The Joshua Tree National Park, established in 1994, still contains hundreds of thousands of these otherworldly trees. What worries Barrows and his team, though, is the dearth of juveniles in the park’s lower elevations. Their absence is a sign that seedlings are not surviving, in large part due to the high temperatures, drought conditions, and devastating wildfires associated with global warming. “They’re well adapted to what we have now,” Barrows remarks, “But you turn up the temperature a couple of degrees and that would be the end of most of these plants.”4 The 2020 Cima Dome fire in the nearby Mojave National Preserve offers a glimpse of this superheated future. It burned through over 43000 acres of old-growth Joshua tree forest, incinerating more than a million trees. Barrows has estimated that the tree habitat available in these two protected areas will decrease by as much as 90 percent by 2100. The NPS is doing what it can to shield “climate refugia” from wildfires and invasive species. Such proactive measures are becoming more routine as agency directors acknowledge that historical baselines for ecological protection and restoration have become outdated. Indeed, the NPS’s “Resist-Accept-Direct (RAD)” framework calls on rangers to assist endangered species in their search for a more suitable home, even though “managed relocation” remains ecologically uncertain and, for some, ethically questionable.
Assistance inside protected zones is no salvation, however.
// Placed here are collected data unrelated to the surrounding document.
(* Let $\tau$ be a $*$-stopping time. Then $\tau\wedge T\in L_G^{1^*}(\Omega)$ for each given $T>0$, and $\tau\in\mathcal{L}_G^{1^*_*}(\Omega)$.
   Context: $\Omega=C_0^d(\mathbb{R}^+)$ is the space of continuous paths $\omega:[0,\infty)\to\mathbb{R}^d$ with $\omega_0=0$, $B$ the canonical process, $\mathcal F_t=\sigma\{B_s:s\le t\}$, $\hat{\mathbb{E}}$ the $G$-expectation ($G$ a monotone sublinear function on $d\times d$ symmetric matrices). $L^1_G(\Omega)$ (resp. $L^1_G(\Omega_t)$) is the completion of bounded Lipschitz cylinder functions $\varphi(B_{t_1},\dots,B_{t_n})$ (resp. with $t_i\le t$) under $\hat{\mathbb{E}}[|\cdot|]$. $\mathcal{P}$ is a weakly compact set of probability measures representing $\hat{\mathbb{E}}$, $\hat{\mathbb{E}}[X]=\sup_{P\in\mathcal{P}}E_P[X]$ for Borel $X$, $c(A)=\sup_{P\in\mathcal{P}}P(A)$, q.s. = outside a capacity-zero set. $L^0(\Omega)$ (resp. $L^0(\Omega_t)$) are $\mathcal B(\Omega)$- (resp. $\mathcal F_t$-)measurable maps into $[-\infty,\infty]$; $\mathbb{L}^1(\cdot)$ those with $\hat{\mathbb{E}}[|X|]<\infty$. $L_G^{1^*}(\Omega)=\{X\in\mathbb{L}^1(\Omega):\exists X_n\in L^1_G(\Omega),X_n\downarrow X\text{ q.s.}\}$, $L_G^{1^*}(\Omega_t)=\{X\in\mathbb{L}^1(\Omega_t):\exists X_n\in L^1_G(\Omega_t),X_n\downarrow X\text{ q.s.}\}$; $\mathcal{L}_G^{1^*_*}(\Omega)=\{X\in L^0(\Omega):\exists X_n\in L_G^{1^*}(\Omega),X_n\uparrow X\text{ q.s.}\}$. A random time $\tau:\Omega\to[0,\infty)$ is a $*$-stopping time if $I_{\{\tau\ge t\}}\in L_G^{1^*}(\Omega_t)$ for each $t\ge0$. *)

theory Defs
  imports "HOL-Probability.Probability"
begin

text \<open>Paths \<open>\<omega> : [0,\<infinity>) \<rightarrow> R^d\<close>; represented as total functions on real,
  extended by 0 for negative times so that the representation is unique.\<close>
type_synonym 'd path = "real \<Rightarrow> real^'d"

definition Omega :: "'d::finite path set" where
  "Omega = {\<omega>. continuous_on {0..} \<omega> \<and> \<omega> 0 = 0 \<and> (\<forall>t<0. \<omega> t = 0)}"

definition canon :: "real \<Rightarrow> 'd::finite path \<Rightarrow> real^'d" where
  "canon t \<omega> = \<omega> t"

text \<open>\<open>Filt S\<close>: the measurable space \<open>(\<Omega>, \<sigma>{B_s : s \<in> S})\<close>.
  \<open>F_t = Filt {0..t}\<close>, \<open>B(\<Omega>) = Filt {0..}\<close> (the Borel sets of \<Omega> coincide with
  the sigma-algebra generated by the coordinate maps).\<close>
definition Filt :: "real set \<Rightarrow> 'd::finite path measure" where
  "Filt S = sigma Omega {canon s -` A \<inter> Omega | s A. s \<in> S \<and> A \<in> sets borel}"

definition rep_family :: "'d::finite path measure set \<Rightarrow> bool" where
  "rep_family PP \<longleftrightarrow> PP \<noteq> {} \<and>
     (\<forall>P\<in>PP. prob_space P \<and> sets P = sets (Filt {0..}) \<and> space P = Omega)"

definition Ehat_abs :: "'d::finite path measure set \<Rightarrow> ('d path \<Rightarrow> ereal) \<Rightarrow> ennreal" where
  "Ehat_abs PP X = (SUP P\<in>PP. \<integral>\<^sup>+ \<omega>. e2ennreal \<bar>X \<omega>\<bar> \<partial>P)"

definition cap :: "'d::finite path measure set \<Rightarrow> 'd path set \<Rightarrow> ennreal" where
  "cap PP A = (SUP P\<in>PP. emeasure P A)"

definition qs :: "'d::finite path measure set \<Rightarrow> ('d path \<Rightarrow> bool) \<Rightarrow> bool" where
  "qs PP Q \<longleftrightarrow> (\<exists>N \<in> sets (Filt {0..}). cap PP N = 0 \<and> (\<forall>\<omega>\<in>Omega - N. Q \<omega>))"
(* Let $G$ be a cubical $\omega$-category with connections, $m\le n$, and $1\le i\le m-1$. Then, as operators on $G_n$, $\Phi_m\psi_i=\Phi_m$.
   Context: A cubical $\omega$-category with connections $G$ consists of sets $G_n$ ($n\ge0$), face maps $\partial^\alpha_i:G_n\to G_{n-1}$, degeneracies $\varepsilon_i:G_{n-1}\to G_n$, connections $\Gamma^\alpha_i:G_n\to G_{n+1}$ ($1\le i\le n$, $\alpha=\pm$) and partial compositions $\circ_j$ on $G_n$ ($1\le j\le n$, $a\circ_jb$ defined iff $\partial^+_ja=\partial^-_jb$) satisfying: $\partial^\alpha_i\partial^\beta_j=\partial^\beta_{j-1}\partial^\alpha_i$ ($i<j$), $\varepsilon_i\varepsilon_j=\varepsilon_{j+1}\varepsilon_i$ ($i\le j$), $\partial^\alpha_i\varepsilon_j=\varepsilon_{j-1}\partial^\alpha_i$ ($i<j$), $\varepsilon_j\partial^\alpha_{i-1}$ ($i>j$), $\mathrm{id}$ ($i=j$); $\Gamma^\alpha_i\Gamma^\beta_j=\Gamma^\beta_{j+1}\Gamma^\alpha_i$ ($i<j$), $\Gamma^\alpha_i\Gamma^\alpha_i=\Gamma^\alpha_{i+1}\Gamma^\alpha_i$, $\Gamma^\alpha_i\varepsilon_j=\varepsilon_{j+1}\Gamma^\alpha_i$ ($i<j$), $\varepsilon_j\Gamma^\alpha_{i-1}$ ($i>j$), $\Gamma^\alpha_j\varepsilon_j=\varepsilon_{j+1}\varepsilon_j$, $\partial^\alpha_i\Gamma^\beta_j=\Gamma^\beta_{j-1}\partial^\alpha_i$ ($i<j$), $\Gamma^\beta_j\partial^\alpha_{i-1}$ ($i>j+1$), $\partial^\alpha_j\Gamma^\alpha_j=\partial^\alpha_{j+1}\Gamma^\alpha_j=\mathrm{id}$, $\partial^\alpha_j\Gamma^{-\alpha}_j=\partial^\alpha_{j+1}\Gamma^{-\alpha}_j=\varepsilon_j\partial^\alpha_j$; $\partial^-_j(a\circ_jb)=\partial^-_ja$, $\partial^+_j(a\circ_jb)=\partial^+_jb$, $\partial^\alpha_i(a\circ_jb)=\partial^\alpha_ia\circ_{j-1}\partial^\alpha_ib$ ($i<j$), $\partial^\alpha_ia\circ_j\partial^\alpha_ib$ ($i>j$); interchange for $i\ne j$; $\varepsilon_i(a\circ_jb)=\varepsilon_ia\circ_{j+1}\varepsilon_ib$ ($i\le j$), $\varepsilon_ia\circ_j\varepsilon_ib$ ($i>j$); $\Gamma^\alpha_i(a\circ_jb)=\Gamma^\alpha_ia\circ_{j+1}\Gamma^\alpha_ib$ ($i<j$), $\Gamma^\alpha_ia\circ_j\Gamma^\alpha_ib$ ($i>j$); $\Gamma^+_j(a\circ_jb)=(\Gamma^+_ja\circ_j\varepsilon_ja)\circ_{j+1}(\varepsilon_{j+1}a\circ_j\Gamma^+_jb)$, $\Gamma^-_j(a\circ_jb)=(\Gamma^-_ja\circ_j\varepsilon_{j+1}b)\circ_{j+1}(\varepsilon_jb\circ_j\Gamma^-_jb)$; each $\circ_j$ is a category structure with identities $\varepsilon_jy$; $\Gamma^+_ix\circ_i\Gamma^-_ix=\varepsilon_{i+1}x$, $\Gamma^+_ix\circ_{i+1}\Gamma^-_ix=\varepsilon_ix$. Folding operations on $G_n$: $\psi_ix=\Gamma^+_i\partial^-_{i+1}x\circ_{i+1}x\circ_{i+1}\Gamma^-_i\partial^+_{i+1}x$ ($1\le i\le n-1$), $\Psi_r=\psi_{r-1}\psi_{r-2}\cdots\psi_1$ ($1\le r\le n$), $\Phi_m=\Psi_1\Psi_2\cdots\Psi_m=\psi_1(\psi_2\psi_1)\cdots(\psi_{m-1}\cdots\psi_1)$ ($0\le m\le n$). *)

theory Defs
  imports Main
begin

text \<open>Conventions: the sign alpha is a bool, True = +, False = -.
  All operations carry the dimension of their (first) argument:
  face  n i a x   : partial face d^a_i : G_n -> G_(n-1), 1 <= i <= n
  degen n i x     : degeneracy eps_i : G_n -> G_(n+1), 1 <= i <= n+1
  conn  n i a x   : connection Gamma^a_i : G_n -> G_(n+1), 1 <= i <= n
  comp  n j x y   : composition x o_j y in G_n, 1 <= j <= n,
                    defined iff face n j True x = face n j False y.\<close>

record 'a cubcat =
  cell  :: "nat \<Rightarrow> 'a set"
  face  :: "nat \<Rightarrow> nat \<Rightarrow> bool \<Rightarrow> 'a \<Rightarrow> 'a"
  degen :: "nat \<Rightarrow> nat \<Rightarrow> 'a \<Rightarrow> 'a"
  conn  :: "nat \<Rightarrow> nat \<Rightarrow> bool \<Rightarrow> 'a \<Rightarrow> 'a"
  comp  :: "nat \<Rightarrow> nat \<Rightarrow> 'a \<Rightarrow> 'a \<Rightarrow> 'a"

definition composable :: "'a cubcat \<Rightarrow> nat \<Rightarrow> nat \<Rightarrow> 'a \<Rightarrow> 'a \<Rightarrow> bool" where
  "composable G n j x y \<longleftrightarrow> x \<in> cell G n \<and> y \<in> cell G n \<and> 1 \<le> j \<and> j \<le> n
     \<and> face G n j True x = face G n j False y"

definition cubical_omega_cat_conn :: "'a cubcat \<Rightarrow> bool" where
  "cubical_omega_cat_conn G \<longleftrightarrow>
   \<comment> \<open>closure of the operations\<close>
   (\<forall>n i a x. x \<in> cell G n \<and> 1 \<le> i \<and> i \<le> n \<longrightarrow> face G n i a x \<in> cell G (n - 1)) \<and>
   (\<forall>n i x. x \<in> cell G n \<and> 1 \<le> i \<and> i \<le> Suc n \<longrightarrow> degen G n i x \<in> cell G (Suc n)) \<and>
   (\<forall>n i a x. x \<in> cell G n \<and> 1 \<le> i \<and> i \<le> n \<longrightarrow> conn G n i a x \<in> cell G (Suc n)) \<and>
   (\<forall>n j x y. composable G n j x y \<longrightarrow> comp G n j x y \<in> cell G n) \<and>
   \<comment> \<open>d^a_i d^b_j = d^b_(j-1) d^a_i  (i < j)\<close>
   (\<forall>n i j a b x. x \<in> cell G n \<and> 1 \<le> i \<and> i < j \<and> j \<le> n \<longrightarrow>
      face G (n - 1) i a (face G n j b x) = face G (n - 1) (j - 1) b (face G n i a x)) \<and>
   \<comment> \<open>eps_i eps_j = eps_(j+1) eps_i  (i <= j)\<close>
   (\<forall>n i j x. x \<in> cell G n \<and> 1 \<le> i \<and> i \<le> j \<and> j \<le> Suc n \<longrightarrow>
      degen G (Suc n) i (degen G n j x) = degen G (Suc n) (Suc j) (degen G n i x)) \<and>
   \<comment> \<open>d^a_i eps_j\<close>
   (\<forall>n i j a x. x \<in> cell G n \<and> 1 \<le> i \<and> i \<le> Suc n \<and> 1 \<le> j \<and> j \<le> Suc n \<longrightarrow>
      face G (Suc n) i a (degen G n j x) =
        (if i < j then degen G (n - 1) (j - 1) (face G n i a x)
         else if j < i then degen G (n - 1) j (face G n (i - 1) a x)
         else x)) \<and>
   \<comment> \<open>Gamma^a_i Gamma^b_j = Gamma^b_(j+1) Gamma^a_i  (i < j)\<close>
   (\<forall>n i j a b x. x \<in> cell G n \<and> 1 \<le> i \<and> i < j \<and> j \<le> n \<longrightarrow>
      conn G (Suc n) i a (conn G n j b x) = conn G (Suc n) (Suc j) b (conn G n i a x)) \<and>
   \<comment> \<open>Gamma^a_i Gamma^a_i = Gamma^a_(i+1) Gamma^a_i\<close>
   (\<forall>n i a x. x \<in> cell G n \<and> 1 \<le> i \<and> i \<le> n \<longrightarrow>
      conn G (Suc n) i a (conn G n i a x) = conn G (Suc n) (Suc i) a (conn G n i a x)) \<and>
   \<comment> \<open>Gamma^a_i eps_j\<close>
   (\<forall>n i j a x. x \<in> cell G n \<and> 1 \<le> i \<and> i \<le> Suc n \<and> 1 \<le> j \<and> j \<le> Suc n \<longrightarrow>
      conn G (Suc n) i a (degen G n j x) =
        (if i < j then degen G (Suc n) (Suc j) (conn G n i a x)
         else if j < i then degen G (Suc n) j (conn G n (i - 1) a x)
         else degen G (Suc n) (Suc j) (degen G n j x))) \<and>
   \<comment> \<open>d^a_i Gamma^b_j\<close>
   (\<forall>n i j a b x. x \<in> cell G n \<and> 1 \<le> j \<and> j \<le> n \<and> 1 \<le> i \<and> i \<le> Suc n \<longrightarrow>
      face G (Suc n) i a (conn G n j b x) =
        (if i < j then conn G (n - 1) (j - 1) b (face G n i a x)
         else if Suc j < i then conn G (n - 1) j b (face G n (i - 1) a x)
         else if a = b then x
         else degen G (n - 1) j (face G n j a x))) \<and>
   \<comment> \<open>faces of composites\<close>
   (\<forall>n j x y. composable G n j x y \<longrightarrow>
      face G n j False (comp G n j x y) = face G n j False x \<and>
      face G n j True (comp G n j x y) = face G n j True y) \<and>
   (\<forall>n i j a x y. composable G n j x y \<and> 1 \<le> i \<and> i \<le> n \<and> i \<noteq> j \<longrightarrow>
      face G n i a (comp G n j x y) =
        (if i < j then comp G (n - 1) (j - 1) (face G n i a x) (face G n i a y)
         else comp G (n - 1) j (face G n i a x) (face G n i a y))) \<and>
   \<comment> \<open>interchange law\<close>
   (\<forall>n i j x y z w. i \<noteq> j \<and> composable G n i x y \<and> composable G n i z w
      \<and> composable G n j x z \<and> composable G n j y w \<longrightarrow>
      comp G n j (comp G n i x y) (comp G n i z w) = comp G n i (comp G n j x z) (comp G n j y w)) \<and>
   \<comment> \<open>degeneracies of composites\<close>
   (\<forall>n i j x y. composable G n j x y \<and> 1 \<le> i \<and> i \<le> Suc n \<longrightarrow>
      degen G n i (comp G n j x y) =
        (if i \<le> j then comp G (Suc n) (Suc j) (degen G n i x) (degen G n i y)
         else comp G (Suc n) j (degen G n i x) (degen G n i y))) \<and>
   \<comment> \<open>connections of composites, i \<noteq> j\<close>
   (\<forall>n i j a x y. composable G n j x y \<and> 1 \<le> i \<and> i \<le> n \<and> i \<noteq> j \<longrightarrow>
      conn G n i a (comp G n j x y) =
        (if i < j then comp G (Suc n) (Suc j) (conn G n i a x) (conn G n i a y)
         else comp G (Suc n) j (conn G n i a x) (conn G n i a y))) \<and>
   \<comment> \<open>connections of composites, i = j\<close>
   (\<forall>n j x y. composable G n j x y \<longrightarrow>
      conn G n j True (comp G n j x y) =
        comp G (Suc n) (Suc j)
          (comp G (Suc n) j (conn G n j True x) (degen G n j x))
          (comp G (Suc n) j (degen G n (Suc j) x) (conn G n j True y)) \<and>
      conn G n j False (comp G n j x y) =
        comp G (Suc n) (Suc j)
          (comp G (Suc n) j (conn G n j False x) (degen G n (Suc j) y))
          (comp G (Suc n) j (degen G n j y) (conn G n j False y))) \<and>
   \<comment> \<open>each o_j is a category structure with identities eps_j y\<close>
   (\<forall>n j x y z. composable G n j x y \<and> composable G n j y z \<longrightarrow>
      comp G n j (comp G n j x y) z = comp G n j x (comp G n j y z)) \<and>
   (\<forall>n j x. x \<in> cell G n \<and> 1 \<le> j \<and> j \<le> n \<longrightarrow>
      comp G n j (degen G (n - 1) j (face G n j False x)) x = x \<and>
      comp G n j x (degen G (n - 1) j (face G n j True x)) = x) \<and>
   \<comment> \<open>cancellation laws for connections\<close>
   (\<forall>n i x. x \<in> cell G n \<and> 1 \<le> i \<and> i \<le> n \<longrightarrow>
      comp G (Suc n) i (conn G n i True x) (conn G n i False x) = degen G n (Suc i) x \<and>
      comp G (Suc n) (Suc i) (conn G n i True x) (conn G n i False x) = degen G n i x)"
lemma rat_chain_map_below:
  assumes "0 \<le> t"
  shows "\<exists>s\<in>{0..<1}. rat_chain_map t = rat_embed s \<and> rat_embed s \<le> t"
proof (cases "\<exists>q\<in>{0..<1}. t \<in> gap q")
  case True
  then obtain q where q: "q \<in> {0..<1}" "t \<in> gap q"
    by blast
  let ?s = "target q (t - rat_embed q)"
  have "0 \<le> ?s" "?s \<le> q"
    using q(1) target_bounds by auto
  then have "?s \<in> {0..<1}" "rat_embed ?s \<le> rat_embed q"
    using q(1) rat_embed_mono by auto
  then show ?thesis
    using rat_chain_map_gap[OF q] q(2) by (auto simp: gap_def)
next
  case False
  then show ?thesis
    using assms by (auto simp: rat_chain_map_def intro: bexI[of _ 0])
qed

lemma rat_chain_map_in_unit: "t \<in> {0..1} \<Longrightarrow> rat_chain_map t \<in> {0..1}"
  using rat_chain_map_below[of t] rat_embed_nonneg by fastforce

lemma rat_chain_map_barrier:
  assumes "0 \<le> r" "0 \<le> t" "t < rat_embed r + weight r"
  shows "rat_chain_map t \<le> rat_embed r"
  using rat_chain_map_below[OF assms(2)] rat_embed_le_of_less_gap[OF assms(1)] assms(3) by force

text \<open>Downwards, jump from \<open>rat_embed q'\<close> to the point of its gap that the map sends to
  \<open>rat_embed q\<close>; upwards, the gap of \<open>q'\<close> is a barrier.\<close>
lemma chain_rel_rat_chain_map_embed:
  assumes q: "q \<in> {0..<1}" and q': "q' \<in> {0..<1}"
  shows "chain_rel rat_chain_map (rat_embed q') (rat_embed q) \<longleftrightarrow> q \<le> q'"
proof
  assume "chain_rel rat_chain_map (rat_embed q') (rat_embed q)"
  then have "eps_chain rat_chain_map (weight q') (rat_embed q') (rat_embed q)"
    unfolding chain_rel_def using weight_pos by blast
  then have "rat_embed q < rat_embed q' + weight q'"
    using q' rat_chain_map_embed rat_chain_map_barrier
    by (intro eps_chain_below_barrier) auto
  then show "q \<le> q'"
    using rat_embed_gap_le[of q' q] q' by force
next
  assume "q \<le> q'"
  show "chain_rel rat_chain_map (rat_embed q') (rat_embed q)"
    unfolding chain_rel_def
  proof (intro allI impI)
    fix \<epsilon> :: real
    assume "0 < \<epsilon>"
    then obtain d where d: "0 < d" "d < min \<epsilon> (weight q')" "target q' d = q"
      using target_hits[of q q' "min \<epsilon> (weight q')"] q \<open>q \<le> q'\<close> weight_pos by auto
    let ?t = "rat_embed q' + d"
    have "?t \<in> gap q'"
      using d by (simp add: gap_def)
    have "?t \<in> {0..1}"
      using d rat_embed_le_half[of q'] rat_embed_nonneg[of q'] weight_le_quarter[of q'] by simp
    have "eps_chain rat_chain_map \<epsilon> (rat_embed q') ?t"
      using \<open>?t \<in> {0..1}\<close> d rat_embed_in_unit rat_chain_map_embed[OF q'] by (intro eps_chain_step) auto
    moreover have "eps_chain rat_chain_map \<epsilon> ?t (rat_embed q)"
      using \<open>?t \<in> {0..1}\<close> \<open>0 < \<epsilon>\<close> d rat_embed_in_unit rat_chain_map_gap[OF q' \<open>?t \<in> gap q'\<close>]
      by (intro eps_chain_step) auto
    ultimately show "eps_chain rat_chain_map \<epsilon> (rat_embed q') (rat_embed q)"
      by (rule eps_chain_trans)
  qed
qed

lemma chain_recurrent_rat_chain_map: "chain_recurrent rat_chain_map = rat_embed ` {0..<1}"
proof
  show "rat_embed ` {0..<1} \<subseteq> chain_recurrent rat_chain_map"
    using chain_rel_rat_chain_map_embed rat_embed_in_unit by (auto simp: chain_recurrent_def)
  show "chain_recurrent rat_chain_map \<subseteq> rat_embed ` {0..<1}"
  proof
    fix t
    assume t: "t \<in> chain_recurrent rat_chain_map"
    then have "0 \<le> t"
      by (simp add: chain_recurrent_def)
    then obtain s where s: "s \<in> {0..<1}" "rat_chain_map t = rat_embed s" "rat_embed s \<le> t"
      using rat_chain_map_below by blast
    show "t \<in> rat_embed ` {0..<1}"
    proof (rule ccontr)
      assume "t \<notin> rat_embed ` {0..<1}"
      with s have "rat_embed s < t"
        by force
      define \<epsilon> where "\<epsilon> = min (weight s) (t - rat_embed s)"
      have "0 < \<epsilon>"
        using \<open>rat_embed s < t\<close> weight_pos[of s] by (simp add: \<epsilon>_def)
      then have "eps_chain rat_chain_map \<epsilon> t t"
        using t by (simp add: chain_recurrent_def chain_rel_def)
      then have "t < rat_embed s + \<epsilon>"
        using s rat_chain_map_barrier[of s] by (intro eps_chain_below_barrier) (auto simp: \<epsilon>_def)
      then show False
        by (simp add: \<epsilon>_def)
    qed
  qed
qed

theorem theorem3p2:
  shows "\<exists>f :: real \<Rightarrow> real. f ` {0..1} \<subseteq> {0..1} \<and>
    (\<exists>\<Phi> :: real set \<Rightarrow> rat.
       bij_betw \<Phi> (chain_components f) {q. 0 \<le> q \<and> q < 1} \<and>
       (\<forall>A\<in>chain_components f. \<forall>B\<in>chain_components f.
          comp_le f A B \<longleftrightarrow> \<Phi> A \<le> \<Phi> B))"
proof -
  have "{q. 0 \<le> q \<and> q < 1} = {0..<1::rat}"
    by auto
  then show ?thesis
    using rat_chain_map_in_unit
      chain_components_order_iso[OF chain_recurrent_rat_chain_map chain_rel_rat_chain_map_embed]
    by (intro exI[of _ rat_chain_map]) auto
qed

end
Over 40 percent of Joshua tree territory lies in private hands, including many prized refugia. These lands remain vulnerable to pollution, mining development, and exurban sprawl. Given these threats, Joshua trees may soon become the first species to be protected under both the US Federal and the California Endangered Species Act (ESA) due to climate change. In September 2020, the California Fish and Game Commission voted to accept an emergency petition from the Tucson-based Center for Biological Diversity (CBD) that named the western Joshua tree a “candidate species” for one year while the state conducted a study to determine whether to give it “threatened” or “endangered” status. The move could not stop all Mojave development, but it did make it illegal to remove trees without a permit. Then, in September 2021, a federal court overturned a Trump-era U.S. Fish and Wildlife Service decision not to list the species as threatened, with the presiding judge directing the agency to reconsider Yucca brefivolia for protection under the ESA.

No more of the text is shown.